FINN cannot successfully convert a QONNX model with transpose before concatenation layer.

Details

Any suggestions are welcomed. I have tried the following experiments for this issue.

  1. I export a model with transpose before concatenation layer to QONNX format using Brevitas. Then I try to convert the model in FINN by doing cleanup() and running ConvertQONNXtoFINN(). However, I get the following error message: onnx.onnx_cpp2py_export.shape_inference. Inferencerror: [ShapeInferenceError] (op_type: Cast, node name: Quant_4): [ShapeInferenceError] Inferred shape and existing shape differ in dimension 1: (64) vs (28). The traceback message is included in the screenshot posted below.
截圖 2023-09-10 01 01 40
  1. I have looked into the source code of the cleanup() function (in qonnx/util/cleanup.py) and the ConvertQONNXtoFINN() transformation (in finn/transformation/qonnx/convert_qonnx_to_finn.py). I found that they both call the transformation FoldTransposeIntoQuantInit() (line 40 in cleanup.py and line 81 in convert_qonnx_to_finn.py). This transformation attempts to fuse a transpose node into previous Quant or BipolarQuant node, and do a shape inference before returning the transformed model. It seems to assume that the transpose is 2D or does not involve channel dimension. When performing shape inference, it is expected that Quant or BipolarQuant nodes corresponding to quantized activation layers should have in_channel == out_channel. My test model has transpose involving channel dimension, so it fails.

Steps to Reproduce

I include example python codes in the links below which may be useful for reproducing the error. The file simple_test.py contains the PyTorch module defining the model with Brevitas quantization. The file simple_test_qonnx2finn.py is the code I run inside the FINN docker and this one produce the error message described above. The file simple_test_w1a1_cifar10_2epoch.onnx is a pertained model which can be used directly as the input for simple_test_qonnx2finn.py.

simple_test.py

simple_test_qonnx2finn.py

simple_test_w1a1_cifar10_2epoch.onnx

  1. Clone the FINN repository
  2. Checkout the dev branch
  3. Start the docker container with the command: bash ./run_docker.sh
  4. Put simple_test_w1a1_cifar10_2epoch.onnx under the directory build/quant_model/simple_test_cifar10/lr0.02
  5. Run python simple_test_qonnx2finn.py

Expected behavior

The code simple_test_qonnx2finn.py should be run without any errors and produce the converted model.

Actual behavior

Running python simple_test_qonnx2finn.py generates the error described above.

williamliao28 commented 10 months ago

@auphelia Could you help on this issue, please?

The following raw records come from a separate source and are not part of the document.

theorem I_D_eq_left_ideal: "I_D = left_ideal diagonal_generators"
proof
  show "I_D \<subseteq> left_ideal diagonal_generators"
  proof
    fix f
    assume "f \<in> I_D"
    then have "f \<in> ZG" "\<And>c p. fibre_sum f (\<lambda>x. ratio x = c) (\<lambda>x. bdry (fst x) p) = 0"
      by (auto simp: I_D_eq_sum_kernel sum_kernel_def diagonal_functionals_def)
    then show "f \<in> left_ideal diagonal_generators"
      by (rule diagonal.fibrewise_in_left_ideal[OF diagonal_relations])
  qed
qed (rule left_ideal_diagonal_generators_subset)

section \<open>Cyclic subgroups and their cosets\<close>

lemma ppow_zero [simp]: "ppow g 0 = pone"
  by (simp add: ppow_def)

lemma ppow_succ: "ppow g (n + 1) = pmul g (ppow g n)"
proof (cases "0 \<le> n")
  case True
  then have "nat (n + 1) = Suc (nat n)"
    by simp
  then show ?thesis
    using True by (simp add: ppow_def)
next
  case False
  then have "nat (-n) = Suc (nat (-(n + 1)))"
    by simp
  then show ?thesis
    using False by (cases "n + 1 = 0") (simp_all add: ppow_def)
qed

lemma ppow_add: "ppow g (m + n) = pmul (ppow g m) (ppow g n)"
proof (induction m rule: int_induct[where k = 0])
  case (step1 i)
  then show ?case
    using ppow_succ[of g "i + n"] ppow_succ[of g i] by (simp add: add_ac)
next
  case (step2 i)
  then show ?case
    using ppow_succ[of g "i - 1 + n"] ppow_succ[of g "i - 1"] by simp
qed simp

lemma ppow_one [simp]: "ppow g 1 = g"
  using ppow_succ[of g 0] by simp

lemma pinv_ppow: "pinv (ppow g n) = ppow g (-n)"
  by (rule pinv_unique) (simp flip: ppow_add)

definition cyclic_subgroup :: "psl \<Rightarrow> psl set" where
  "cyclic_subgroup h = {ppow h n | n. True}"

lemma cyclic_subgroup_pmul: "k \<in> cyclic_subgroup h \<Longrightarrow> k' \<in> cyclic_subgroup h \<Longrightarrow> pmul k k' \<in> cyclic_subgroup h"
  and cyclic_subgroup_pinv: "k \<in> cyclic_subgroup h \<Longrightarrow> pinv k \<in> cyclic_subgroup h"
  and pone_in_cyclic_subgroup: "pone \<in> cyclic_subgroup h"
  and generator_in_cyclic_subgroup: "h \<in> cyclic_subgroup h"
  unfolding cyclic_subgroup_def
  by (auto simp: pinv_ppow intro: exI[of _ 0] exI[of _ 1] ppow_add[symmetric])

lemma mem_lcoset: "x \<in> lcoset g H \<longleftrightarrow> pmul (pinv g) x \<in> H"
  by (auto simp: lcoset_def intro: exI[of _ "pmul (pinv g) x"])

lemma lcoset_cyclic_subgroup_eq:
  assumes "x \<in> lcoset g (cyclic_subgroup h)"
  shows "lcoset x (cyclic_subgroup h) = lcoset g (cyclic_subgroup h)"
proof -
  have k: "pmul (pinv g) x \<in> cyclic_subgroup h"
    using assms by (simp add: mem_lcoset)
  have "pmul (pinv g) z = pmul (pmul (pinv g) x) (pmul (pinv x) z)"
    and "pmul (pinv x) z = pmul (pinv (pmul (pinv g) x)) (pmul (pinv g) z)" for z
    by simp_all
  then show ?thesis
    unfolding set_eq_iff mem_lcoset using k cyclic_subgroup_pmul cyclic_subgroup_pinv by metis
qed

definition coset_rep :: "psl \<Rightarrow> psl \<Rightarrow> psl" where
  "coset_rep h b = (SOME g. g \<in> lcoset b (cyclic_subgroup h))"

lemma coset_rep_mem: "coset_rep h b \<in> lcoset b (cyclic_subgroup h)"
  unfolding coset_rep_def by (rule someI[of _ b]) (simp add: mem_lcoset pone_in_cyclic_subgroup)

lemma coset_rep_eq: "x \<in> lcoset b (cyclic_subgroup h) \<Longrightarrow> coset_rep h x = coset_rep h b"
  unfolding coset_rep_def by (simp add: lcoset_cyclic_subgroup_eq)

lemma coset_rep_idem: "coset_rep h (coset_rep h b) = coset_rep h b"
  using coset_rep_eq[OF coset_rep_mem] .
(* Assume $\sigma_1(x)=\tfrac12\sigma_1''(0)\,x(x-a_1)$ with $\sigma_1''(0)\ne0$ and real $a_1>0$, and $\frac{\tau'(0)}{\frac12\sigma_1''(0)}=-\frac{1}{1-q^{-1}}$, so that $\sigma_2(x)=\sigma_2'(0)x$ with $\sigma_2'(0)=q\big[(1-q^{-1})\tau(0)-\tfrac12\sigma_1''(0)a_1\big]\ne0$. Let $y_0=q^{-1}\Big[1-\frac{(1-q^{-1})}{a_1}\frac{\tau(0)}{\frac12\sigma_1''(0)}\Big]$ and assume $0<qy_0<1$. Put $b=a_1$ and $$\rho(x)=|x|^{\alpha}(qx/b;q)_\infty,\qquad q^{\alpha}=-\frac{q^{-2}\sigma_2'(0)}{\tfrac12\sigma_1''(0)b}.$$ Then there exist polynomials $P_n$, $n\in\mathbb{N}_0$, with $P_n$ of degree $n$ a solution of the q-EHT with $\lambda=\lambda_n$, and nonzero constants $d_n^2$, such that for all $m,n\in\mathbb{N}_0$ $$\int_0^{b}P_n(x)P_m(x)\rho(x)\,d_qx=d_n^2\delta_{mn},$$ i.e. orthogonality with respect to $\rho$ supported on $\{q^kb\}_{k\in\mathbb{N}_0}$.
   Context: Throughout $0<q<1$. For a function $y$ and $\zeta\in\{q,q^{-1}\}$, $D_\zeta y(x)=\frac{y(x)-y(\zeta x)}{(1-\zeta)x}$ for $x\ne0$ and $D_\zeta y(0)=y'(0)$; $[n]_q=\frac{1-q^n}{1-q}$. Let $\sigma_1$ be a real polynomial of degree at most two, $\tau(x)=\tau'(0)x+\tau(0)$ a real polynomial with $\tau'(0)\ne0$, and $\sigma_2(x):=q[\sigma_1(x)+(1-q^{-1})x\tau(x)]$. The q-EHT with parameter $n$ is $\sigma_1(x)D_{q^{-1}}D_qy(x)+\tau(x)D_qy(x)+\lambda_ny(x)=0$, $\lambda_n=-[n]_q\big(\tau'(0)+\tfrac12[n-1]_{q^{-1}}\sigma_1''(0)\big)$. $(\beta;q)_\infty=\prod_{k\ge0}(1-\beta q^k)$. For $q^\alpha=c$ ($c\ne0$), $\alpha$ is any complex number with $e^{\alpha\ln q}=c$ and $|x|^\alpha:=e^{\alpha\ln|x|}$. For $b>0$, $\int_0^b f(x)\,d_qx=(1-q)b\sum_{j\ge0}q^jf(q^jb)$. *)

theory Defs
  imports "HOL-Analysis.Analysis" "HOL-Computational_Algebra.Polynomial"
begin

definition qD :: "real \<Rightarrow> (real \<Rightarrow> real) \<Rightarrow> real \<Rightarrow> real" where
  "qD \<zeta> y x = (if x = 0 then deriv y 0 else (y x - y (\<zeta> * x)) / ((1 - \<zeta>) * x))"

definition qnum :: "real \<Rightarrow> int \<Rightarrow> real" where
  "qnum q n = (1 - q powi n) / (1 - q)"

definition qpoch_inf :: "real \<Rightarrow> real \<Rightarrow> real" where
  "qpoch_inf \<beta> q = (\<Prod>k. 1 - \<beta> * q ^ k)"

definition qEHT :: "real \<Rightarrow> (real \<Rightarrow> real) \<Rightarrow> (real \<Rightarrow> real) \<Rightarrow> real \<Rightarrow> (real \<Rightarrow> real) \<Rightarrow> bool" where
  "qEHT q \<sigma>1 \<tau> lam y \<longleftrightarrow>
     (\<forall>x. \<sigma>1 x * qD (inverse q) (qD q y) x + \<tau> x * qD q y x + lam * y x = 0)"

text \<open>Jackson q-integral over [0,b] converging (as a series) to I:
  (1-q) b \<Sum>_j q^j f(q^j b) = I.\<close>
definition has_qint :: "real \<Rightarrow> (real \<Rightarrow> complex) \<Rightarrow> real \<Rightarrow> complex \<Rightarrow> bool" where
  "has_qint q f b I \<longleftrightarrow>
     (\<lambda>j. complex_of_real ((1 - q) * b * q ^ j) * f (q ^ j * b)) sums I"

end

theory Submission
  imports Defs
begin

iksnagreb commented 9 months ago

Seems to be related to or even the same as one of the issues I am currently investigating: #878 (the third one from the list). However, I am not really making any progress on this particular one besides tracking it down to the FoldTransposeIntoQuantInit as well. I am stepping through the code and staring at graphs for some time now and am still not sure, whether I am violating assumptions (likely) or QONNX/FINN makes some wrong assumptions or, whether this is indeed a bug somewhere (maybe even in ONNX, not QONNX or FINN).

At least in my case, probably I just do not want to apply the transformation to the transpose at all (as it is part of the attention pattern). But for this, conditions for telling various uses of the transpose apart will be needed...

Did you make any progress by now @williamliao28? Otherwise, some input from you FINN people would be appreciated @auphelia @maltanar.

iksnagreb commented 9 months ago

For me it seems like currently all occurrences of the FoldTransposeIntoQuantInit are dealing with transpose nodes which are inserted by some other transforms like GemmToMatMul or the ChannelsLast/ChannelsFirst conversions. Is this true? In our cases, however, the transpose seems to be inherently part of the model.

fpjentzsch commented 8 months ago

Closing this as the issue was most likely fixed in https://github.com/fastmachinelearning/qonnx/pull/78.